Tiny “biobots” made from human windpipe cells encouraged damaged neural tissue to repair itself in a lab experiment — potentially foreshadowing a future in which creations like this patrol our bodies, healing damage, delivering drugs, and more.
The background: In a study published in 2020, researchers at Tufts University and the University of Vermont (UVM) harvested and incubated skin cells from frog embryos until they were tiny balls.
They then sculpted the spheres into specific shapes — dictated by an algorithm — and added layers of cardiac stem cells to them in precise locations.
“It’s a new class of artifact: a living, programmable organism.”
Joshua Bongard
When they were done, they had created “xenobots,” assembled from frog cells, that could move around and perform entirely new actions based on their designs — one kind of xenobot would push pellets around a petri dish, for example, while another would spin in circles.
“These are novel living machines,” co-lead researcher Joshua Bongard said at the time. “They’re neither a traditional robot nor a known species of animal. It’s a new class of artifact: a living, programmable organism.”
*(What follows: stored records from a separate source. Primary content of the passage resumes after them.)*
lemma eigenvector_inv:
  assumes "linear (inv f)" "bij f" "f x = c *\<^sub>R x" "c \<noteq> 0"
  shows "inv f x = (1/c) *\<^sub>R x"
proof -
  have "x = inv f (c *\<^sub>R x)" using assms(2,3) by (metis bij_is_inj inv_f_f)
  also have "\<dots> = c *\<^sub>R inv f x" by (rule linear_scale[OF assms(1)])
  finally have "(1/c) *\<^sub>R x = (1/c) *\<^sub>R (c *\<^sub>R inv f x)" by simp
  then show ?thesis using assms(4) by simp
qed

lemma scales_axis_power_product:
  assumes "linear f" "linear g" "scales_axis f \<xi> \<eta> \<alpha>" "scales_axis g \<xi> \<eta> \<beta>"
  shows "scales_axis (f ^^ a \<circ> g ^^ k) \<xi> \<eta> (\<alpha> ^ a * \<beta> ^ k)"
proof -
  have lin: "linear (f ^^ a)" by (rule linear_funpow[OF assms(1)])
  have prod: "(f ^^ a \<circ> g ^^ k) x = (\<gamma> ^ a * \<delta> ^ k) *\<^sub>R x"
    if "f x = \<gamma> *\<^sub>R x" "g x = \<delta> *\<^sub>R x" for x \<gamma> \<delta>
    using eigenvector_funpow[OF assms(1) that(1)] eigenvector_funpow[OF assms(2) that(2)]
    by (simp add: linear_scale[OF lin] mult.commute)
  show ?thesis
    using assms(3,4) prod[of "(\<xi>,1)" \<alpha> \<beta>] prod[of "(\<eta>,1)" "1/\<alpha>" "1/\<beta>"]
    by (simp add: scales_axis_def power_one_over del: scaleR_Pair)
qed

lemma scales_axis_inv:
  assumes "linear (inv f)" "bij f" "scales_axis f \<xi> \<eta> \<beta>" "\<beta> \<noteq> 0"
  shows "scales_axis (inv f) \<xi> \<eta> (1/\<beta>)"
proof -
  have "inv f (\<eta>,1) = (1 / (1/\<beta>)) *\<^sub>R (\<eta>,1)"
    using assms by (intro eigenvector_inv) (simp_all add: scales_axis_def del: scaleR_Pair)
  moreover have "inv f (\<xi>,1) = (1/\<beta>) *\<^sub>R (\<xi>,1)"
    using assms by (intro eigenvector_inv) (simp_all add: scales_axis_def del: scaleR_Pair)
  ultimately show ?thesis by (simp add: scales_axis_def del: scaleR_Pair)
qed

subsection \<open>Isometries translating boundedly along an axis have bounded norm\<close>

text \<open>Throughout, \<open>\<bar>lform (\<xi>,1) (\<eta>,1)\<bar>\<close> measures how far apart the two endpoints are.\<close>
lemma lform_positive_off_axis:
  assumes xe: "\<xi> \<in> bdry" "\<eta> \<in> bdry" "\<xi> \<noteq> \<eta>"
    and zu: "lform z (\<xi>,1) = 0" and zv: "lform z (\<eta>,1) = 0"
  shows "\<bar>lform (\<xi>,1) (\<eta>,1)\<bar> * norm z ^ 2 \<le> 4 * lform z z"
proof -
  obtain a b where z: "z = (a, b)" by (cases z)
  define l where "l = \<bar>lform (\<xi>,1) (\<eta>,1)\<bar>"
  have l: "l = 1 - \<xi> \<bullet> \<eta>" "l > 0"
    using lform_null_pair_neg[OF xe] by (auto simp: l_def lform_def)
  define m where "m = (1/2) *\<^sub>R (\<xi> + \<eta>)"
  have "a \<bullet> \<xi> = b" "a \<bullet> \<eta> = b" using zu zv by (simp_all add: z lform_def)
  then have bm: "b = a \<bullet> m" by (simp add: m_def inner_add_right)
  have "4 * (m \<bullet> m) = \<xi> \<bullet> \<xi> + 2 * (\<xi> \<bullet> \<eta>) + \<eta> \<bullet> \<eta>"
    by (simp add: m_def inner_add_left inner_add_right inner_commute)
  then have mm: "m \<bullet> m = 1 - l/2" using xe(1,2) l(1) by (simp add: bdry_inner_self field_simps)
  define A where "A = a \<bullet> a"
  define B where "B = b ^ 2"
  have A: "A \<ge> 0" by (simp add: A_def)
  have "B \<le> A * (1 - l/2)"
    using Cauchy_Schwarz_ineq[of a m] by (simp add: A_def B_def bm mm)
  then have "(4 + l) * B \<le> (4 + l) * (A * (1 - l/2))"
    using l(2) by (intro mult_left_mono) auto
  also have "\<dots> = A * (4 - l) - A * l * l / 2" by (simp add: algebra_simps)
  also have "\<dots> \<le> A * (4 - l)" using A l(2) by simp
  finally have "l * (A + B) \<le> 4 * (A - B)" by (simp add: algebra_simps)
  moreover have "lform z z = A - B" "norm z ^ 2 = A + B"
    by (simp_all add: z lform_def A_def B_def norm_Pair dot_square_norm power2_eq_square)
  ultimately show ?thesis by (simp add: l_def)
qed

lemma axis_decomposition:
  assumes xe: "\<xi> \<in> bdry" "\<eta> \<in> bdry" "\<xi> \<noteq> \<eta>"
  defines "l \<equiv> \<bar>lform (\<xi>,1) (\<eta>,1)\<bar>"
  obtains p q w where "x = p *\<^sub>R (\<xi>,1) + q *\<^sub>R (\<eta>,1) + w"
    "lform w (\<xi>,1) = 0" "lform w (\<eta>,1) = 0"
    "\<bar>p\<bar> * sqrt 2 \<le> 2 * norm x / l" "\<bar>q\<bar> * sqrt 2 \<le> 2 * norm x / l"
    "norm w \<le> norm x * (1 + 4 / l)"
proof -
  define u :: "'a lvec" where "u = (\<xi>,1)"
  define v :: "'a lvec" where "v = (\<eta>,1)"
  define L where "L = lform u v"
  have L: "L < 0" "l = - L"
    using lform_null_pair_neg[OF xe] by (auto simp: L_def l_def u_def v_def)
  have Luv: "lform v u = L" by (simp add: L_def lform_sym)
  have uu: "lform u u = 0" "lform v v = 0" using lform_null xe by (auto simp: u_def v_def)
  have nu: "norm u = sqrt 2" "norm v = sqrt 2"
    using norm_null_vector xe by (auto simp: u_def v_def)
  have coeff_bound: "\<bar>lform x y / L\<bar> * sqrt 2 \<le> 2 * norm x / l" if "norm y = sqrt 2" for y
  proof -
    have "\<bar>lform x y\<bar> * sqrt 2 \<le> norm x * sqrt 2 * sqrt 2"
      using lform_abs_le[of x y] that by (simp add: mult_right_mono)
    then show ?thesis using L by (simp add: abs_divide field_simps)
  qed
  define p where "p = lform x v / L"
  define q where "q = lform x u / L"
  define w where "w = x - p *\<^sub>R u - q *\<^sub>R v"
  have "lform w u = 0" "lform w v = 0"
    using L by (simp_all add: w_def p_def q_def lform_diff_left lform_scale_left L_def Luv uu)
  moreover have "\<bar>p\<bar> * sqrt 2 \<le> 2 * norm x / l" "\<bar>q\<bar> * sqrt 2 \<le> 2 * norm x / l"
    using coeff_bound nu by (simp_all add: p_def q_def)
  moreover have "norm w \<le> norm x * (1 + 4 / l)"
  proof -
    have "norm w \<le> norm x + norm (p *\<^sub>R u) + norm (q *\<^sub>R v)" unfolding w_def
      using norm_triangle_ineq4[of "x - p *\<^sub>R u" "q *\<^sub>R v"] norm_triangle_ineq4[of x "p *\<^sub>R u"]
      by linarith
    also have "\<dots> = norm x + \<bar>p\<bar> * sqrt 2 + \<bar>q\<bar> * sqrt 2" using nu by simp
    also have "\<dots> \<le> norm x + 2 * norm x / l + 2 * norm x / l"
      using calculation \<open>\<bar>p\<bar> * sqrt 2 \<le> _\<close> \<open>\<bar>q\<bar> * sqrt 2 \<le> _\<close> by linarith
    finally show ?thesis by (simp add: algebra_simps)
  qed
  moreover have "x = p *\<^sub>R u + q *\<^sub>R v + w" by (simp add: w_def)
  ultimately show thesis using that by (simp add: u_def v_def)
qed

lemma scales_axis_norm_bound:
  assumes xe: "\<xi> \<in> bdry" "\<eta> \<in> bdry" "\<xi> \<noteq> \<eta>"
    and lin: "linear f" and pres: "\<And>x y. lform (f x) (f y) = lform x y"
    and \<beta>: "\<beta> > 0" "scales_axis f \<xi> \<eta> \<beta>"
  defines "l \<equiv> \<bar>lform (\<xi>,1) (\<eta>,1)\<bar>"
  shows "norm (f x) \<le> ((\<beta> + 1/\<beta>) * (2 / l) + sqrt (4 / l) * (1 + 4 / l)) * norm x"
proof -
  have l: "l > 0" using lform_null_pair_neg[OF xe] by (simp add: l_def)
  obtain p q w where x: "x = p *\<^sub>R (\<xi>,1) + q *\<^sub>R (\<eta>,1) + w"
    and wu: "lform w (\<xi>,1) = 0" and wv: "lform w (\<eta>,1) = 0"
    and pb: "\<bar>p\<bar> * sqrt 2 \<le> 2 * norm x / l" and qb: "\<bar>q\<bar> * sqrt 2 \<le> 2 * norm x / l"
    and wb: "norm w \<le> norm x * (1 + 4 / l)"
    using axis_decomposition[OF xe] unfolding l_def by blast
  have fu: "f (\<xi>,1) = \<beta> *\<^sub>R (\<xi>,1)" and fv: "f (\<eta>,1) = (1/\<beta>) *\<^sub>R (\<eta>,1)"
    using \<beta>(2) by (simp_all add: scales_axis_def del: scaleR_Pair)
  have fx: "f x = (p * \<beta>) *\<^sub>R (\<xi>,1) + (q / \<beta>) *\<^sub>R (\<eta>,1) + f w"
    by (subst x) (simp add: linear_add[OF lin] linear_scale[OF lin] fu fv del: scaleR_Pair)
  text \<open>The image of the orthogonal part stays orthogonal to the axis.\<close>
  have "\<beta> * lform (f w) (\<xi>,1) = 0" "(1/\<beta>) * lform (f w) (\<eta>,1) = 0"
    using pres[of w "(\<xi>,1)"] pres[of w "(\<eta>,1)"] wu wv
    by (simp_all add: fu fv lform_scale_right del: scaleR_Pair)
  then have "l * norm (f w) ^ 2 \<le> 4 * lform (f w) (f w)"
    using lform_positive_off_axis[OF xe] \<beta>(1) by (simp add: l_def)
  also have "\<dots> \<le> 4 * norm w ^ 2" using lform_self_le[of w] by (simp add: pres)
  finally have "norm (f w) ^ 2 \<le> (4 / l) * norm w ^ 2" using l by (simp add: field_simps)
  then have "norm (f w) \<le> sqrt (4 / l) * norm w"
    by (metis real_sqrt_le_mono real_sqrt_mult real_sqrt_pow2_iff real_sqrt_abs norm_ge_zero
        abs_norm_cancel power2_abs)
  also have "\<dots> \<le> sqrt (4 / l) * (norm x * (1 + 4 / l))" using wb l by (intro mult_left_mono) auto
  finally have fwb: "norm (f w) \<le> sqrt (4 / l) * (1 + 4 / l) * norm x" by (simp add: ac_simps)
  have "norm ((p * \<beta>) *\<^sub>R (\<xi>,1::real)) = \<beta> * (\<bar>p\<bar> * sqrt 2)"
       "norm ((q / \<beta>) *\<^sub>R (\<eta>,1::real)) = (1/\<beta>) * (\<bar>q\<bar> * sqrt 2)"
    using \<beta>(1) by (simp_all only: norm_scaleR norm_null_vector xe abs_mult abs_divide)
      (simp_all add: field_simps)
  then have "norm (f x) \<le> \<beta> * (\<bar>p\<bar> * sqrt 2) + (1/\<beta>) * (\<bar>q\<bar> * sqrt 2) + norm (f w)"
    unfolding fx
    using norm_triangle_ineq[of "(p * \<beta>) *\<^sub>R (\<xi>,1::real) + (q / \<beta>) *\<^sub>R (\<eta>,1)" "f w"]
      norm_triangle_ineq[of "(p * \<beta>) *\<^sub>R (\<xi>,1::real)" "(q / \<beta>) *\<^sub>R (\<eta>,1)"]
    by linarith
  also have "\<dots> \<le> \<beta> * (2 * norm x / l) + (1/\<beta>) * (2 * norm x / l) + norm (f w)"
    using pb qb \<beta>(1) by (intro add_mono mult_left_mono) auto
  also have "\<dots> = (\<beta> + 1/\<beta>) * (2 / l) * norm x + norm (f w)"
    using \<beta>(1) l by (simp add: field_simps)
  also have "\<dots> \<le> ((\<beta> + 1/\<beta>) * (2 / l) + sqrt (4 / l) * (1 + 4 / l)) * norm x"
    using fwb by (simp add: distrib_right)
  finally show ?thesis .
qed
These biological robots might one day navigate the human body, delivering drugs, performing surgery, clearing plaques from artery walls, and more, the team hypothesized in its study.
In 2021, the researchers updated their xenobots to be faster, have memories, and no longer require heart cells. But a major hurdle still stood between the group and its dream of using the biobots in medicine: they were made from frog cells.
That meant the xenobots would likely trigger an immune response in a person, and while immunosuppression could prevent this, it leaves patients at high risk of infection.
Anthrobots, assemble: Building on this xenobot research, Tufts scientists have now developed “anthrobots.”
These biobots are derived from adult human cells, meaning a patient could use their own cells and avoid triggering an immune response. The biobots don’t reproduce and biodegrade after about 45-60 days in the lab, which would further reduce risks to patients.
Anthrobots are also easier to make than their predecessors.
“Anthrobots self-assemble in the lab dish,” said study co-author Gizem Gumuskaya. “Unlike xenobots, they don’t require tweezers or scalpels to give them shape, and we can use adult cells — even cells from elderly patients — instead of embryonic cells.”
“It’s fully scalable,” she continued. “We can produce swarms of these bots in parallel, which is a good start for developing a therapeutic tool.”
How it works: To create an anthrobot, the researchers start with a single cell taken from the surface of a person’s trachea. These cells in your windpipe are naturally covered in tiny, hair-like structures called “cilia” that help keep particles you breathe in out of your lungs.
This single cell is then placed in an environment resembling the human trachea and allowed to grow and multiply for 2 weeks.
At that point, the Tufts team only has a spherical clump of cells with all its cilia on the inside, so they place it in a solution that causes the hair-like structures to move to the exterior. Within days, the cilia start acting like oars, propelling the anthrobot around in its petri dish.
While no two anthrobots were exactly alike, the Tufts team discovered that they tended to assemble themselves into certain categories. Some were spherical, covered in cilia, and wiggled largely in place. Others were football-shaped, with patches of cilia — those tended to move horizontally for longer stretches.
These different shapes and capabilities could potentially lend themselves to different types of therapies in the future.
Neural repair: As a test of the little biobots, the Tufts team created a 2D layer of neurons in a petri dish and then scratched it with a metal rod. They then place a dense concentration of anthrobots on part of the “wound.”
Surprisingly, their presence seemed to encourage healing — new neurons grew below the anthrobots, but not on gaps that were left uncovered.
“It is fascinating and completely unexpected that normal patient tracheal cells, without modifying their DNA, can move on their own and encourage neuron growth across a region of damage,” said study leader Michael Levin, director of Tufts’ Center for Regenerative and Developmental Biology.
“We’re now looking at how the healing mechanism works, and asking what else these constructs can do,” he continued.